## WORK TO BE COMPLETED
Starting with the first line and ending with the line that holds "- coeff ([:of_nat", repeat the material exactly.

## AVAILABLE DATA
lemma coeff_linear_poly_power_if:
  fixes a b :: "'a::comm_semiring_1"
  shows "coeff ([:a, b:] ^ n) i = (if i \<le> n then of_nat (n choose i) * b ^ i * a ^ (n - i) else 0)"
proof (cases "i \<le> n")
  case True
  then show ?thesis by (simp add: coeff_linear_poly_power)
next
  case False
  have "degree ([:a, b:] ^ n) \<le> degree [:a, b:] * n"
    by (rule degree_power_le)
  also have "\<dots> \<le> n"
    by simp
  finally show ?thesis
    using False by (simp add: coeff_eq_0)
qed

lemma coeff_X_power: "coeff ([:0, 1::'a::comm_semiring_1:] ^ n) i = (if i = n then 1 else 0)"
  using monom_altdef[of "1::'a" n] by (metis coeff_monom smult_1_left)

lemma of_nat_mult_sign_poly: "(of_nat n * (-1) ^ k :: 'a::comm_ring_1 poly) = [:of_nat n * (-1) ^ k:]"
proof -
  have "((-1) ^ k :: 'a poly) = [:(-1) ^ k:]"
    by (induction k) (simp_all add: one_pCons)
  then show ?thesis
    by (simp add: of_nat_poly)
qed

lemma bcoeff_xi_numerator:
  "bcoeff (polyX ^ m * (polyY - 1) ^ Suc m - (polyX * polyY - 1) ^ Suc m :: 'a::comm_ring_1 poly poly) i j
   = (if j \<le> Suc m then of_nat (Suc m choose j) * (-1) ^ (Suc m - j)
        * ((if i = m then 1 else 0) - (if i = j then 1 else 0)) else 0)"
proof -
  have Y: "polyY - 1 = ([:-1, 1:] :: 'a poly poly)" and XY: "polyX * polyY - 1 = ([:[:-1:], [:0, 1:]:] :: 'a poly poly)"
    by (simp_all add: one_pCons)
  have P1: "coeff ([:-1, 1:] ^ Suc m :: 'a poly poly) j
      = (if j \<le> Suc m then of_nat (Suc m choose j) * (-1) ^ (Suc m - j) else 0)"
    by (simp add: coeff_linear_poly_power_if del: power_Suc)
  have P2: "coeff ([:[:-1:], [:0, 1::'a:]:] ^ Suc m) j
      = (if j \<le> Suc m then (of_nat (Suc m choose j) * (-1) ^ (Suc m - j)) * [:0, 1:] ^ j else 0)"
    by (simp add: coeff_linear_poly_power_if mult_ac one_pCons del: power_Suc)
  have P3: "coeff (polyX ^ m * Q) j = [:0, 1::'a:] ^ m * coeff Q j" for Q
    by (induction m) (simp_all add: mult.assoc)
  show ?thesis
  proof (cases "j \<le> Suc m")
    case True
    have "bcoeff ([:[:0, 1:]:] ^ m * [:-1, 1:] ^ Suc m - [:[:-1:], [:0, 1::'a:]:] ^ Suc m) i j
      = coeff ([:0, 1:] ^ m * [:of_nat (Suc m choose j) * (-1) ^ (Suc m - j):]) i
        - coeff ([:of_nat (Suc m choose j) * (-1) ^ (Suc m - j):] * [:0, 1:] ^ j) i"
      unfolding bcoeff_def coeff_diff P3 P1 P2 using True by (simp only: if_True of_nat_mult_sign_poly)
    also have "\<dots> = of_nat (Suc m choose j) * (-1) ^ (Suc m - j)
        * ((if i = m then 1 else 0) - (if i = j then 1 else 0))"
      using coeff_X_power[where 'a='a]
      by (simp only: mult.commute[of "[:0, 1:] ^ m"] mult_pCons_left smult_0_right add_0_right coeff_smult)
        (simp add: algebra_simps)
    finally show ?thesis
      unfolding Y XY using True by (simp only: if_True)
  next
    case False
    then show ?thesis
      unfolding Y XY bcoeff_def coeff_diff P3 P1 P2 by simp
  qed
qed

lemma xi_identity:
  "(1 - polyX) * (xi m :: 'a::comm_ring_1 poly poly) = polyX ^ m * (polyY - 1) ^ Suc m - (polyX * polyY - 1) ^ Suc m"
proof (intro poly_eqI)
  fix j i
  have "bcoeff ((1 - polyX) * xi m) i j = (if i = 0 then xi_coeff m 0 j else xi_coeff m i j - xi_coeff m (i - 1) j)"
    by (cases i) (simp_all add: bcoeff_def bcoeff_xi[unfolded bcoeff_def] coeff_pCons one_pCons)
  also have "\<dots> = (if j \<le> Suc m then of_nat (Suc m choose j) * (-1) ^ (Suc m - j)
        * ((if i = m then 1 else 0) - (if i = j then 1 else 0)) else 0)"
  proof (cases "j \<le> m")
    case True
    then show ?thesis
      by (cases "i = 0"; cases "m = 0") (auto simp: xi_coeff_def Suc_diff_le)
  next
    case False
    then consider "j = Suc m" | "Suc m < j"
      by linarith
    then show ?thesis
      by cases (cases "i = 0"; auto simp: xi_coeff_def)+
  qed
  also have "\<dots> = bcoeff (polyX ^ m * (polyY - 1) ^ Suc m - (polyX * polyY - 1) ^ Suc m) i j"
    by (rule bcoeff_xi_numerator[symmetric])
  finally show "coeff (coeff ((1 - polyX) * xi m) j) i
      = coeff (coeff (polyX ^ m * (polyY - 1) ^ Suc m - (polyX * polyY - 1) ^ Suc m) j) i"
    by (simp only: bcoeff_def)
qed

lemma bshift_xi_identity:
  "- polyX * bshift (xi m :: 'a::comm_ring_1 poly poly) 1 1
     = (polyX + 1) ^ m * polyY ^ Suc m - ((polyX + 1) * (polyY + 1) - 1) ^ Suc m"
proof -
  have X: "bshift polyX 1 1 = (polyX + 1 :: 'a poly poly)"
    unfolding bshift_polyX by (simp add: one_pCons)
  have Y: "bshift polyY 1 1 = (polyY + 1 :: 'a poly poly)"
    unfolding bshift_polyY by (simp add: one_pCons)
  have "bshift ((1 - polyX) * xi m) 1 1
      = bshift (polyX ^ m * (polyY - 1) ^ Suc m - (polyX * polyY - 1) ^ Suc m :: 'a poly poly) 1 1"
    by (simp only: xi_identity)
  then have "(1 - (polyX + 1)) * bshift (xi m :: 'a poly poly) 1 1
      = (polyX + 1) ^ m * (polyY + 1 - 1) ^ Suc m - ((polyX + 1) * (polyY + 1) - 1) ^ Suc m"
    by (simp only: bshift_mult bshift_diff bshift_power bshift_1 X Y)
  moreover have "1 - (polyX + 1) = (- polyX :: 'a poly poly)" and "polyY + 1 - 1 = (polyY :: 'a poly poly)"
    by simp_all
  ultimately show ?thesis
    by (simp only:)
qed

lemma bcoeff_polyX_mult: "bcoeff (polyX * p) (Suc a) b = bcoeff p a b"
  by (simp add: bcoeff_def coeff_pCons)

lemma xi_vanishes_to_order: "vanishes_to_order (xi m :: 'a::idom poly poly) (1, 1) m"
proof -
  define S where "S = bshift (xi m :: 'a poly poly) 1 1"
  define W where "W = (polyX + 1) * (polyY + 1) - (1 :: 'a poly poly)"
  have eq: "polyX * (- S) = (polyX + 1) ^ m * polyY ^ Suc m - W ^ Suc m"
    using bshift_xi_identity[of m, where 'a='a] unfolding S_def W_def
    by (simp only: mult_minus_left mult_minus_right)
  have "order_at_origin_ge W 1" and "order_at_origin_ge (polyY :: 'a poly poly) 1"
    unfolding order_at_origin_ge_1_iff by (simp_all add: W_def bcoeff_def one_pCons)
  then have "order_at_origin_ge (W ^ Suc m) (Suc m)"
    and "order_at_origin_ge ((polyX + 1) ^ m * polyY ^ Suc m :: 'a poly poly) (0 + Suc m)"
    by (simp_all only: order_at_origin_ge_power order_at_origin_ge_mult order_at_origin_ge_0)
  then have "order_at_origin_ge ((polyX + 1) ^ m * polyY ^ Suc m - W ^ Suc m) (Suc m)"
    by (simp only: order_at_origin_ge_diff add_0)
  then have low: "order_at_origin_ge (polyX * (- S)) (Suc m)"
    by (simp only: eq)
  have "coeff (polyX * (- S)) 0 = coeff ((polyX + 1) ^ m * polyY ^ Suc m - W ^ Suc m) 0"
    by (simp only: eq)
  moreover have "coeff W 0 = [:0, 1:]"
    by (simp add: W_def one_pCons)
  ultimately have "[:0, 1:] * coeff S 0 = [:0, 1:] * [:0, 1:] ^ m"
    by (simp only: coeff_mult_0 coeff_diff coeff_0_power) simp
  then have "coeff S 0 = [:0, 1:] ^ m"
    by simp
  then have "bcoeff S m 0 = 1"
    by (simp add: bcoeff_def coeff_X_power)
  moreover have "bcoeff S a b = 0" if "a + b < m" for a b
  proof -
    have "bcoeff (polyX * (- S)) (Suc a) b = 0"
      using low that unfolding order_at_origin_ge_def by simp
    then show ?thesis
      unfolding bcoeff_polyX_mult by (simp add: bcoeff_def)
  qed
  ultimately show ?thesis
    unfolding vanishes_to_order_def fst_conv snd_conv S_def[symmetric]
    by (metis add_0_right zero_neq_one)
qed

section \<open>The Newton polygon\<close>

abbreviation newton_triangle :: "nat \<Rightarrow> (real \<times> real) set" where
  "newton_triangle m \<equiv> convex hull {(0, 0), (real m - 1, 0), (real m, real m + 1)}"

lemma lattice_point_in_newton_triangle:
  fixes i j m :: nat
  assumes "j \<le> i" "i < m"
  shows "(real i, real j) \<in> newton_triangle m"
proof (cases "m = 1")
  case True
  then have "i = 0" "j = 0"
    using assms by auto
  then show ?thesis
    by (intro hull_inc) simp
next
  case False
  define M I J where "M = real m" and "I = real i" and "J = real j"
  have JI: "J \<le> I" and IM: "I \<le> M - 1" and J0: "J \<ge> 0" and M2: "M \<ge> 2"
    using assms False by (simp_all add: I_def J_def M_def)
  define w where "w = J / (M + 1)"
  define v where "v = (I - w * M) / (M - 1)"
  define u where "u = 1 - v - w"
  have w0: "w \<ge> 0" and wJ: "w * (M + 1) = J" and vI: "v * (M - 1) = I - w * M"
    using J0 M2 by (simp_all add: w_def v_def)
  have "w * M \<le> J"
    using wJ w0 by (simp add: algebra_simps)
  then have v0: "v \<ge> 0"
    using JI M2 by (simp add: v_def)
  have "v * (M - 1) \<le> (1 - w) * (M - 1)"
    using vI IM wJ w0 by (simp add: algebra_simps)
  then have "v \<le> 1 - w"
    using M2 by simp
  then have u0: "u \<ge> 0"
    by (simp add: u_def)
  have "(real i, real j) = u *\<^sub>R (0, 0) + v *\<^sub>R (real m - 1, 0) + w *\<^sub>R (real m, real m + 1)"
    using vI wJ by (simp add: I_def J_def M_def algebra_simps)
  then show ?thesis
    unfolding convex_hull_3 using u0 v0 w0
    by (intro CollectI exI[of _ u] exI[of _ v] exI[of _ w]) (simp add: u_def)
qed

## ANSWER BOX
lemma coeff_linear_poly_power_if:
  fixes a b :: "'a::comm_semiring_1"
  shows "coeff ([:a, b:] ^ n) i = (if i \<le> n then of_nat (n choose i) * b ^ i * a ^ (n - i) else 0)"
proof (cases "i \<le> n")
  case True
  then show ?thesis by (simp add: coeff_linear_poly_power)
next
  case False
  have "degree ([:a, b:] ^ n) \<le> degree [:a, b:] * n"
    by (rule degree_power_le)
  also have "\<dots> \<le> n"
    by simp
  finally show ?thesis
    using False by (simp add: coeff_eq_0)
qed

lemma coeff_X_power: "coeff ([:0, 1::'a::comm_semiring_1:] ^ n) i = (if i = n then 1 else 0)"
  using monom_altdef[of "1::'a" n] by (metis coeff_monom smult_1_left)

lemma of_nat_mult_sign_poly: "(of_nat n * (-1) ^ k :: 'a::comm_ring_1 poly) = [:of_nat n * (-1) ^ k:]"
proof -
  have "((-1) ^ k :: 'a poly) = [:(-1) ^ k:]"
    by (induction k) (simp_all add: one_pCons)
  then show ?thesis
    by (simp add: of_nat_poly)
qed

lemma bcoeff_xi_numerator:
  "bcoeff (polyX ^ m * (polyY - 1) ^ Suc m - (polyX * polyY - 1) ^ Suc m :: 'a::comm_ring_1 poly poly) i j
   = (if j \<le> Suc m then of_nat (Suc m choose j) * (-1) ^ (Suc m - j)
        * ((if i = m then 1 else 0) - (if i = j then 1 else 0)) else 0)"
proof -
  have Y: "polyY - 1 = ([:-1, 1:] :: 'a poly poly)" and XY: "polyX * polyY - 1 = ([:[:-1:], [:0, 1:]:] :: 'a poly poly)"
    by (simp_all add: one_pCons)
  have P1: "coeff ([:-1, 1:] ^ Suc m :: 'a poly poly) j
      = (if j \<le> Suc m then of_nat (Suc m choose j) * (-1) ^ (Suc m - j) else 0)"
    by (simp add: coeff_linear_poly_power_if del: power_Suc)
  have P2: "coeff ([:[:-1:], [:0, 1::'a:]:] ^ Suc m) j
      = (if j \<le> Suc m then (of_nat (Suc m choose j) * (-1) ^ (Suc m - j)) * [:0, 1:] ^ j else 0)"
    by (simp add: coeff_linear_poly_power_if mult_ac one_pCons del: power_Suc)
  have P3: "coeff (polyX ^ m * Q) j = [:0, 1::'a:] ^ m * coeff Q j" for Q
    by (induction m) (simp_all add: mult.assoc)
  show ?thesis
  proof (cases "j \<le> Suc m")
    case True
    have "bcoeff ([:[:0, 1:]:] ^ m * [:-1, 1:] ^ Suc m - [:[:-1:], [:0, 1::'a:]:] ^ Suc m) i j
      = coeff ([:0, 1:] ^ m * [:of_nat (Suc m choose j) * (-1) ^ (Suc m - j):]) i
        - coeff ([:of_nat (Suc m choose j) * (-1) ^ (Suc m - j):] * [:0, 1:] ^ j) i"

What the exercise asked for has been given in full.